Образно описывал инженер Аносов в 1834 году этот грозный Урал: «Природа его в сих местах дика и угрюма. Величественные леса, мало еще истребленные, прозрачные струи вод, с шумом бегущие по своим крутокаменистым днам; уединенно лежащие нагорные озера; бедные, кое-где раскинутые юрты полуоседлых башкиров, их невозделанные поля и, наконец, дикие, перпендикулярно вздымающиеся сопки…»

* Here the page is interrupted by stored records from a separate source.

(* Let $X>0$ and let $w:[0,X]\to\mathbb{R}$ be a smooth function with $w''(x)\ge w(x)$ and $w(x)\ge0$ for all $x\in[0,X]$, and $w'(0)\ge0$. Let $p:[0,X]\to\mathbb{R}^+$ be a decreasing integrable function. Then \[\int_0^Xp(x)w(x)\,dx\le\Big(\frac{p(0)}{\cosh(X/2)}+p(X/2)\Big)\int_0^Xw(x)\,dx.\] *)

theory Defs
  imports "HOL-Analysis.Analysis"
begin

definition smooth_on_with :: "(real \<Rightarrow> real) \<Rightarrow> (nat \<Rightarrow> real \<Rightarrow> real) \<Rightarrow> real set \<Rightarrow> bool" where
  "smooth_on_with f D S \<longleftrightarrow>
     (\<forall>x\<in>S. D 0 x = f x) \<and>
     (\<forall>n. \<forall>x\<in>S. (D n has_real_derivative D (Suc n) x) (at x within S))"

end

theory Submission
  imports Defs
begin

text \<open>Since \<open>w'' \<ge> w \<ge> 0\<close> and \<open>w'(0) \<ge> 0\<close>, the function \<open>w\<close> grows at least like the
  solution \<open>cosh\<close> of \<open>u'' = u\<close>: \<open>cosh h \<cdot> w(y) \<le> w(y + h)\<close>. Hence the mass of \<open>w\<close> on
  \<open>[0, X/2]\<close> is at most a fraction \<open>1 / cosh (X/2)\<close> of its total mass. Bounding the
  decreasing weight \<open>p\<close> by \<open>p(0)\<close> on the first half and by \<open>p(X/2)\<close> on the second
  half gives the inequality.\<close>

lemma DERIV_within_Icc_nonneg_imp_nondecreasing:
  fixes f f' :: "real \<Rightarrow> real"
  assumes "a \<le> c" "c \<le> d" "d \<le> b"
    and deriv: "\<And>x. x \<in> {a..b} \<Longrightarrow> (f has_real_derivative f' x) (at x within {a..b})"
    and nonneg: "\<And>x. x \<in> {c..d} \<Longrightarrow> f' x \<ge> 0"
  shows "f c \<le> f d"
proof (rule DERIV_nonneg_imp_increasing_open[OF \<open>c \<le> d\<close>])
  have "continuous_on {a..b} f"
    unfolding continuous_on_eq_continuous_within using deriv DERIV_continuous by blast
  then show "continuous_on {c..d} f"
    by (rule continuous_on_subset) (use assms in auto)
next
  fix x assume "c < x" "x < d"
  then have "a < x" "x < b" using assms by auto
  then show "\<exists>y. DERIV f x :> y \<and> y \<ge> 0"
    using deriv[of x] nonneg[of x] \<open>c < x\<close> \<open>x < d\<close> at_within_Icc_at[of a x b] by force
qed

lemma deriv_nonneg_if_second_deriv_ge:
  fixes f f' f'' :: "real \<Rightarrow> real"
  assumes f': "\<And>x. x \<in> {a..b} \<Longrightarrow> (f' has_real_derivative f'' x) (at x within {a..b})"
    and f''_ge: "\<And>x. x \<in> {a..b} \<Longrightarrow> f'' x \<ge> f x"
    and f_nonneg: "\<And>x. x \<in> {a..b} \<Longrightarrow> f x \<ge> 0"
    and "f' a \<ge> 0" "y \<in> {a..b}"
  shows "f' y \<ge> 0"
proof -
  have "f' a \<le> f' y"
    by (rule DERIV_within_Icc_nonneg_imp_nondecreasing[OF _ _ _ f', of a y])
      (use \<open>y \<in> {a..b}\<close> f''_ge f_nonneg in \<open>auto intro: order_trans\<close>)
  then show ?thesis using \<open>f' a \<ge> 0\<close> by linarith
qed

text \<open>Comparison with \<open>t \<mapsto> f(y) cosh (t - y)\<close>: the Wronskian-type quantity
  \<open>f' cosh (t - y) - f sinh (t - y)\<close> has derivative \<open>(f'' - f) cosh (t - y) \<ge> 0\<close>, so it
  stays \<open>\<ge> f'(y) \<ge> 0\<close>; it is \<open>cosh\<^sup>2 (t - y)\<close> times the derivative of \<open>f / cosh (t - y)\<close>.\<close>

lemma cosh_mul_le_shift_if_second_deriv_ge:
  fixes f f' f'' :: "real \<Rightarrow> real"
  assumes f: "\<And>x. x \<in> {a..b} \<Longrightarrow> (f has_real_derivative f' x) (at x within {a..b})"
    and f': "\<And>x. x \<in> {a..b} \<Longrightarrow> (f' has_real_derivative f'' x) (at x within {a..b})"
    and f''_ge: "\<And>x. x \<in> {a..b} \<Longrightarrow> f'' x \<ge> f x"
    and f_nonneg: "\<And>x. x \<in> {a..b} \<Longrightarrow> f x \<ge> 0"
    and "f' a \<ge> 0" "a \<le> y" "0 \<le> h" "y + h \<le> b"
  shows "cosh h * f y \<le> f (y + h)"
proof -
  define W where "W t = f' t * cosh (t - y) - f t * sinh (t - y)" for t
  have W_deriv: "(W has_real_derivative (f'' t - f t) * cosh (t - y)) (at t within {a..b})"
    if "t \<in> {a..b}" for t
    unfolding W_def
    by (auto intro!: derivative_eq_intros f[OF that] f'[OF that] simp: algebra_simps)
  have W_nonneg: "W t \<ge> 0" if "t \<in> {y..y + h}" for t
  proof -
    have "W y \<le> W t"
      by (rule DERIV_within_Icc_nonneg_imp_nondecreasing[OF _ _ _ W_deriv])
        (use that assms in \<open>auto intro: f''_ge\<close>)
    moreover have "W y \<ge> 0"
      using deriv_nonneg_if_second_deriv_ge[OF f' f''_ge f_nonneg] assms by (simp add: W_def)
    ultimately show ?thesis by linarith
  qed
  define Q where "Q t = f t / cosh (t - y)" for t
  have Q_deriv: "(Q has_real_derivative W t / (cosh (t - y))\<^sup>2) (at t within {a..b})"
    if "t \<in> {a..b}" for t
  proof -
    have "cosh (t - y) \<noteq> 0" by (metis cosh_real_pos less_irrefl)
    then show ?thesis
      unfolding Q_def W_def by (auto intro!: derivative_eq_intros f[OF that] simp: power2_eq_square)
  qed
  have "Q y \<le> Q (y + h)"
    by (rule DERIV_within_Icc_nonneg_imp_nondecreasing[OF _ _ _ Q_deriv])
      (use assms W_nonneg in auto)
  then show ?thesis by (simp add: Q_def field_simps)
qed

lemma integral_mult_le_of_antimono:
  fixes p w :: "real \<Rightarrow> real"
  assumes "(\<lambda>x. p x * w x) integrable_on {a..b}" "w integrable_on {a..b}"
    and "\<And>x. x \<in> {a..b} \<Longrightarrow> p x \<le> p a"
    and "\<And>x. x \<in> {a..b} \<Longrightarrow> w x \<ge> 0"
  shows "integral {a..b} (\<lambda>x. p x * w x) \<le> p a * integral {a..b} w"
proof -
  have "integral {a..b} (\<lambda>x. p x * w x) \<le> integral {a..b} (\<lambda>x. p a * w x)"
    using assms by (intro integral_le integrable_on_mult_right) (auto intro: mult_right_mono)
  then show ?thesis by simp
qed

lemma mult_integral_le_integral_shift:
  fixes w :: "real \<Rightarrow> real"
  assumes "w integrable_on {a..b}" "w integrable_on {a + h..b + h}"
    and "\<And>y. y \<in> {a..b} \<Longrightarrow> c * w y \<le> w (h + y)"
  shows "c * integral {a..b} w \<le> integral {a + h..b + h} w"
proof -
  have "integral {a..b} (\<lambda>y. c * w y) \<le> integral {a..b} (w \<circ> (+) h)"
  proof (rule integral_le)
    show "(\<lambda>y. c * w y) integrable_on {a..b}"
      using assms(1) by (rule integrable_on_mult_right)
    show "(w \<circ> (+) h) integrable_on {a..b}"
      using assms(2) by (simp add: integrable_on_shift_Icc_real add.commute)
  qed (use assms(3) in simp)
  then show ?thesis by (simp add: integral_shift_Icc_real add.commute)
qed

lemma integral_mult_antimono_le_of_growth:
  fixes a b \<gamma> :: real and p w :: "real \<Rightarrow> real"
  defines "h \<equiv> (b - a) / 2"
  assumes "a \<le> b" "\<gamma> > 0"
    and pw_int: "(\<lambda>x. p x * w x) integrable_on {a..b}" and w_int: "w integrable_on {a..b}"
    and antimono: "\<And>x y. x \<in> {a..b} \<Longrightarrow> y \<in> {a..b} \<Longrightarrow> x \<le> y \<Longrightarrow> p y \<le> p x"
    and p_nonneg: "\<And>x. x \<in> {a..b} \<Longrightarrow> p x \<ge> 0"
    and w_nonneg: "\<And>x. x \<in> {a..b} \<Longrightarrow> w x \<ge> 0"
    and growth: "\<And>y. y \<in> {a..a + h} \<Longrightarrow> \<gamma> * w y \<le> w (h + y)"
  shows "integral {a..b} (\<lambda>x. p x * w x) \<le> (p a / \<gamma> + p (a + h)) * integral {a..b} w"
proof -
  define A where "A = integral {a..a + h} w"
  define B where "B = integral {a + h..b} w"
  have h: "0 \<le> h" "a + h + h = b" using \<open>a \<le> b\<close> by (auto simp: h_def)
  have w_int_halves: "w integrable_on {a..a + h}" "w integrable_on {a + h..b}"
    using w_int h by (auto intro: integrable_subinterval_real)
  have pw_int_halves: "(\<lambda>x. p x * w x) integrable_on {a..a + h}"
    "(\<lambda>x. p x * w x) integrable_on {a + h..b}"
    using pw_int h by (auto intro: integrable_subinterval_real)
  have "\<gamma> * A \<le> B"
    using mult_integral_le_integral_shift[of w a "a + h" h \<gamma>] w_int_halves growth h
    by (simp add: A_def B_def)
  moreover have "A \<ge> 0" using w_int_halves w_nonneg h by (auto simp: A_def intro: integral_nonneg)
  ultimately have A_le: "A \<le> (A + B) / \<gamma>" using \<open>\<gamma> > 0\<close> by (simp add: field_simps)
  have "integral {a..b} (\<lambda>x. p x * w x)
      = integral {a..a + h} (\<lambda>x. p x * w x) + integral {a + h..b} (\<lambda>x. p x * w x)"
    using Henstock_Kurzweil_Integration.integral_combine[OF _ _ pw_int] h by simp
  also have "\<dots> \<le> p a * A + p (a + h) * B"
    unfolding A_def B_def
    by (intro add_mono integral_mult_le_of_antimono pw_int_halves w_int_halves)
      (use h antimono w_nonneg in auto)
  also have "\<dots> \<le> p a * ((A + B) / \<gamma>) + p (a + h) * (A + B)"
    using A_le \<open>A \<ge> 0\<close> p_nonneg h by (intro add_mono mult_left_mono) auto
  also have "A + B = integral {a..b} w"
    using Henstock_Kurzweil_Integration.integral_combine[OF _ _ w_int] h by (simp add: A_def B_def)
  finally show ?thesis by (simp add: algebra_simps)
qed

theorem proposition5p4:
  fixes X :: real and w p :: "real \<Rightarrow> real" and D :: "nat \<Rightarrow> real \<Rightarrow> real"
  assumes "X > 0"
    and "smooth_on_with w D {0..X}"
    and "\<forall>x\<in>{0..X}. D 2 x \<ge> w x"
    and "\<forall>x\<in>{0..X}. w x \<ge> 0"
    and "D 1 0 \<ge> 0"
    and "\<forall>x\<in>{0..X}. p x > 0"
    and "\<forall>x\<in>{0..X}. \<forall>y\<in>{0..X}. x \<le> y \<longrightarrow> p y \<le> p x"
    and "p integrable_on {0..X}"
  shows "integral {0..X} (\<lambda>x. p x * w x)
           \<le> (p 0 / cosh (X / 2) + p (X / 2)) * integral {0..X} w"
proof -
  have w_eq: "D 0 x = w x" and deriv: "(D n has_real_derivative D (Suc n) x) (at x within {0..X})"
    if "x \<in> {0..X}" for x n
    using assms(2) that by (auto simp: smooth_on_with_def)
  have D0_deriv: "(D 0 has_real_derivative D 1 x) (at x within {0..X})"
    and D1_deriv: "(D 1 has_real_derivative D 2 x) (at x within {0..X})" if "x \<in> {0..X}" for x
    using deriv[OF that, of 0] deriv[OF that, of 1] by (simp_all add: numeral_2_eq_2)
  have "continuous_on {0..X} (D 0)"
    unfolding continuous_on_eq_continuous_within using D0_deriv DERIV_continuous by blast
  then have w_int: "w integrable_on {0..X}"
    using integrable_continuous_interval integrable_eq w_eq by blast
  have growth: "cosh (X / 2) * w y \<le> w (X / 2 + y)" if "y \<in> {0..X / 2}" for y
    using cosh_mul_le_shift_if_second_deriv_ge[where f = "D 0" and f' = "D 1" and f'' = "D 2"
        and y = y and h = "X / 2", OF D0_deriv D1_deriv] that assms(1,3-5)
    by (simp add: numeral_2_eq_2 w_eq add.commute)
  show ?thesis
  proof (cases "(\<lambda>x. p x * w x) integrable_on {0..X}")
    case True
    then show ?thesis
      using integral_mult_antimono_le_of_growth[of 0 X "cosh (X / 2)" p w] w_int growth assms
      by (auto simp: less_imp_le)
  next
    case False
    \<comment> \<open>The integral of a non-integrable function is \<open>0\<close>.\<close>
    have "p 0 > 0" "p (X / 2) > 0" using assms(1,6) by auto
    then have "p 0 / cosh (X / 2) + p (X / 2) \<ge> 0" by simp
    moreover have "integral {0..X} w \<ge> 0" using w_int assms(4) by (auto intro: integral_nonneg)
    ultimately show ?thesis using False by (simp add: not_integrable_integral)
  qed
qed

end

Широкая низина Миасса отделяет Ильменские горы от главного Уральского хребта. Только на севере менее резка эта граница – там, где к небу поднимается тяжелое облако дыма и сернистого газа, выделяемого Карабашским медеплавильным заводом города Кыштыма.
Но больше всего нас, минералогов, должен привлекать вид на восток, и не на туманную даль беспредельной, безграничной Сибирской равнины, которая расстилается за Чебарку́лем и Челябинском, нет, а на то, что находится тут, непосредственно внизу, у самого подножья восточных склонов Ильменского хребта, где среди мягкого холмистого ландшафта лесистой местности сверкают извилистые озера.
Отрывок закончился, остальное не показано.